The Americans still have trouble allowing women free access to abortion, but they have at last embraced gay rights. The Indian Supreme Court luckily doesn’t have a problem with abortion, but it has impeded gay rights. Though its December 2013 judgement on Section 377 explicitly warned against allowing “foreign” developments to influence “Indian” thinking on the matter, it would do well to heed the verdict of the US Supreme Court. In a landmark judgement, the US Supreme Court legalised same-sex marriage throughout the country.

The US verdict recognises that legal rights should be equal for all, and as such, it is a terrific judgement. But, equally, one has to pay heed to what the verdict is about.

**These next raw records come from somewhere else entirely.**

lemma has_integral_exp_square:
  "(exp_square c a has_integral c * exp (-b) * ((b - a)\<^sup>2 + 2 * (b - a) + 2)) {b..}"
proof -
  define P where "P x = exp (-x) * ((x - a)\<^sup>2 + 2 * (x - a) + 2)" for x
  have "((\<lambda>x. exp (-x) * (x - a)\<^sup>2) has_integral P b) {b..}"
  proof (rule has_integral_to_inf)
    show "(\<lambda>x. exp (-x) * (x - a)\<^sup>2) integrable_on {b..y}" for y
      by (intro integrable_continuous_interval continuous_intros)
    show "0 \<le> exp (-x) * (x - a)\<^sup>2" for x by simp
    have "((\<lambda>x. exp (-x) * (x - a)\<^sup>2) has_integral P b - P y) {b..y}" if "b \<le> y" for y
    proof -
      have "((\<lambda>x. exp (-x) * (x - a)\<^sup>2) has_integral (-P y) - (-P b)) {b..y}"
        using that unfolding P_def
        by (intro fundamental_theorem_of_calculus)
           (auto intro!: derivative_eq_intros simp flip: has_real_derivative_iff_has_vector_derivative
                 simp: algebra_simps power2_eq_square)
      then show ?thesis by simp
    qed
    then have integral_eq: "\<forall>\<^sub>F y in at_top. integral {b..y} (\<lambda>x. exp (-x) * (x - a)\<^sup>2) = P b - P y"
      using eventually_at_top_linorder integral_unique by blast
    have "((\<lambda>y. P b - P y) \<longlongrightarrow> P b) at_top"
      unfolding P_def by real_asymp
    then show "((\<lambda>y. integral {b..y} (\<lambda>x. exp (-x) * (x - a)\<^sup>2)) \<longlongrightarrow> P b) at_top"
      by (simp add: tendsto_cong[OF integral_eq])
  qed
  from has_integral_mult_right[OF this, of c] show ?thesis
    by (simp add: exp_square_def[abs_def] P_def mult.assoc)
qed

lemma has_integral_exp_square_atLeast_0:
  "(exp_square c a has_integral c * (a\<^sup>2 - 2 * a + 2)) {0..}"
  using has_integral_exp_square[of c a 0] by (simp add: power2_eq_square algebra_simps)

lemma exp_square_antimono:
  assumes "a + 2 \<le> x" "x \<le> y" "0 \<le> c"
  shows "exp_square c a y \<le> exp_square c a x"
proof -
  define d where "d = y - x"
  have d: "0 \<le> d" using assms by (simp add: d_def)
  have "(x - a) * (1 + d/2) - (y - a) = d * ((x - a)/2 - 1)" by (simp add: d_def field_simps)
  moreover have "0 \<le> d * ((x - a)/2 - 1)" using assms d by (intro mult_nonneg_nonneg) auto
  ultimately have "y - a \<le> (x - a) * (1 + d/2)" by linarith
  also have "\<dots> \<le> (x - a) * exp (d/2)"
    using exp_ge_add_one_self[of "d/2"] assms by (intro mult_left_mono) auto
  finally have "(y - a)\<^sup>2 \<le> ((x - a) * exp (d/2))\<^sup>2" using assms by (intro power_mono) auto
  also have "\<dots> = (x - a)\<^sup>2 * exp d"
    by (simp add: power_mult_distrib power2_eq_square flip: exp_add)
  finally have "c * exp (-y) * (y - a)\<^sup>2 \<le> c * exp (-y) * ((x - a)\<^sup>2 * exp d)"
    using assms by (intro mult_left_mono) auto
  also have "\<dots> = exp_square c a x"
    by (simp add: exp_square_def d_def algebra_simps flip: exp_add)
  finally show ?thesis by (simp add: exp_square_def)
qed

lemma exp_minus_mult_square_le:
  fixes v :: real
  assumes "0 \<le> v"
  shows "exp (-v) * v\<^sup>2 \<le> 4 * exp (-2)"
proof -
  have "(v/2)\<^sup>2 \<le> (exp (v/2 - 1))\<^sup>2"
    using exp_ge_add_one_self[of "v/2 - 1"] assms by (intro power_mono) auto
  also have "\<dots> = exp (v - 2)" by (simp flip: exp_add add: power2_eq_square)
  finally have "exp (-v) * v\<^sup>2 \<le> exp (-v) * (4 * exp (v - 2))"
    by (intro mult_left_mono) (auto simp: power_divide)
  also have "\<dots> = 4 * exp (-2)" by (simp flip: exp_add)
  finally show ?thesis .
qed

lemma exp_square_le_peak:
  assumes "a \<le> x" "0 \<le> c"
  shows "exp_square c a x \<le> exp_square c a (a + 2)"
proof -
  have "exp_square c a x = c * exp (-a) * (exp (-(x - a)) * (x - a)\<^sup>2)"
    by (simp add: exp_square_def algebra_simps flip: exp_add)
  also have "\<dots> \<le> c * exp (-a) * (4 * exp (-2))"
    using assms by (intro mult_left_mono exp_minus_mult_square_le) auto
  also have "\<dots> = exp_square c a (a + 2)"
    by (simp add: exp_square_def algebra_simps flip: exp_add)
  finally show ?thesis .
qed

lemma exp_square_crossing:
  assumes "0 < \<tau>" "\<tau> \<le> exp_square c a (a + 2)"
  obtains u where "2 \<le> u" "exp_square c a (a + u) = \<tau>"
proof -
  have "(exp_square c a \<longlongrightarrow> 0) at_top" unfolding exp_square_def by real_asymp
  then have "\<forall>\<^sub>F x in at_top. exp_square c a x < \<tau>"
    using assms(1) by (simp add: order_tendsto_iff)
  then obtain N where N: "\<And>x. N \<le> x \<Longrightarrow> exp_square c a x < \<tau>"
    by (auto simp: eventually_at_top_linorder)
  define X where "X = max N (a + 2)"
  have "exp_square c a X \<le> \<tau>" using N[of X] by (simp add: X_def)
  then obtain x where "a + 2 \<le> x" "x \<le> X" "exp_square c a x = \<tau>"
    using IVT2'[of "exp_square c a" X \<tau> "a + 2"] assms(2) continuous_on_exp_square
    by (auto simp: X_def)
  then show thesis using that[of "x - a"] by simp
qed
theorem mainTheorem16:
  fixes C :: "('o, 'm) tcat"
    and dl :: "'o \<Rightarrow> 'o" and b d :: "'o \<Rightarrow> 'm"
    and A :: 'o and m \<eta> \<Delta> \<epsilon> :: 'm and cs :: "'o \<Rightarrow> 'm"
  assumes "strict_abelian_tensor_cat C"
    and "right_duality C dl b d"
    and "is_frobenius C A m \<eta> \<Delta> \<epsilon>"
    and "is_A_swap C A m \<eta> cs"
    and "cmp C m (cs A) = m"
  shows "frob_Phi C A m \<epsilon> dl b \<in> homA C A A m (dl A) (dual_action C A cs dl b d A m) \<and>
         (\<exists>\<psi> \<in> homA C A (dl A) (dual_action C A cs dl b d A m) A m.
            cmp C \<psi> (frob_Phi C A m \<epsilon> dl b) = idm C A \<and>
            cmp C (frob_Phi C A m \<epsilon> dl b) \<psi> = idm C (dl A))"
proof -
  interpret frobenius_algebra_with_dual_and_swap C dl b d A m \<eta> \<Delta> \<epsilon> cs
    using assms(1-4) unfolding strict_abelian_tensor_cat_def by unfold_locales blast+
  have Phi_linear: "\<Phi> \<in> homA C A A m (dl A) dual_regular_action"
    using frob_Phi_linear[OF assms(5)] frob_Phi_in_hom unfolding homA_def by blast
  moreover have "frob_Psi \<in> homA C A (dl A) dual_regular_action A m"
    using homA_inverse[OF algebra_in_Ob mult_in_hom dual_action_in_hom[OF algebra_in_Ob mult_in_hom]
        Phi_linear frob_Psi_in_hom frob_Psi_Phi frob_Phi_Psi] .
  ultimately show ?thesis
    using frob_Psi_Phi frob_Phi_Psi by blast
qed

end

The issue at hand is marriage.

The issue of marriage has long galvanised mainstream gay activism in the US even as it has divided people, both gay and straight, into pro- and anti-marriage camps. What is important to remember is that those who opposed making marriage a central tenet of the gay faith were not opposing the right to equality under law. We were opposed to the vehicle chosen for the demand of equality.

Why marriage? The legal and popular debate over gay marriage has always had two prongs, although only one of them is highlighted at a time depending on the circumstances. There is the question of legal discrimination: how can the law state that consensual sexual behaviour of any kind can be the basis for discrimination? And then there is the sentimental issue: why can’t love between gay people be recognised as love every bit as much as love between straight people?

Instrument of state control

It is this sentimental component – integral rather than marginal to the debate over gay marriage – that is problematic. Marriage is, and historically has been, a mode by which the State exercises social control over its citizens. In order to register a marriage, you need legal permission and recognition from the State. Furthermore, marriage laws – for instance, marriage of people of different religious communities in India – have long been used to control miscegenation or interbreeding of people considered to be of different racial types.

Marriage defines for us our civil rights – how much tax we pay if we are married or not, how much money we can inherit, etc. From desire to inheritance, marriage controls the socio-sexual life of citizens. It is, some say, the most effective instrument by which State control is exercised.

Where this becomes problematic is when the discourse around marriage allies itself with a discourse about the “truth” of one’s emotions. Marriage historically was instituted to deal with ownership of property (an arrangement in which women too were considered property). It was only in the late 18th century that the idea of “love” and the “companionate marriage” started to emerge as a way of making emotional what had started out as a purely logistical arrangement.

We have now reached a stage where that emotional aspect is being reinforced to such an extent as to paper over the economic base of marriage. And even this would not be such a problem if the emotional “truth” of marriage were not being used to enforce increasingly repressive regimes of sexual normativity.

Truth of our desires

“No longer may this liberty be denied,” Justice Anthony M Kennedy wrote in the majority decision of the US Supreme Court. “No union is more profound than marriage, for it embodies the highest ideals of love, fidelity, devotion, sacrifice and family. In forming a marital union, two people become something greater than once they were.” By announcing that marriage is a “keystone of our social order”, Justice Kennedy conflates the legal and the emotional by saying that the plaintiffs were seeking “equal dignity in the eyes of the law”.

If marriage equals money and property arrangements, and if it is nonetheless continually defined as having to do with love, then what is the fallout of this discourse?

Justice Kennedy tells us exactly what when he writes that this judgement will ensure that gay people are “not to be condemned to live in loneliness, excluded from one of civilization’s oldest institutions”.

A major achievement of gay marriage thus seems to be the normalisation of marital coupledom as the most sacred site of emotional fulfilment. In the name of greater inclusivity, this “expansion” of the institution of marriage manages to stigmatise people who would like to stay or simply are single, people in ménage à trois, people with multiple sexual partners, and a host of others.

If we celebrate marriage as the truth of our desires, then we ignore the fact that allowing gay marriage has simply shifted the site of sexual stigma elsewhere. And allowed a rather repressive institution to remain intact.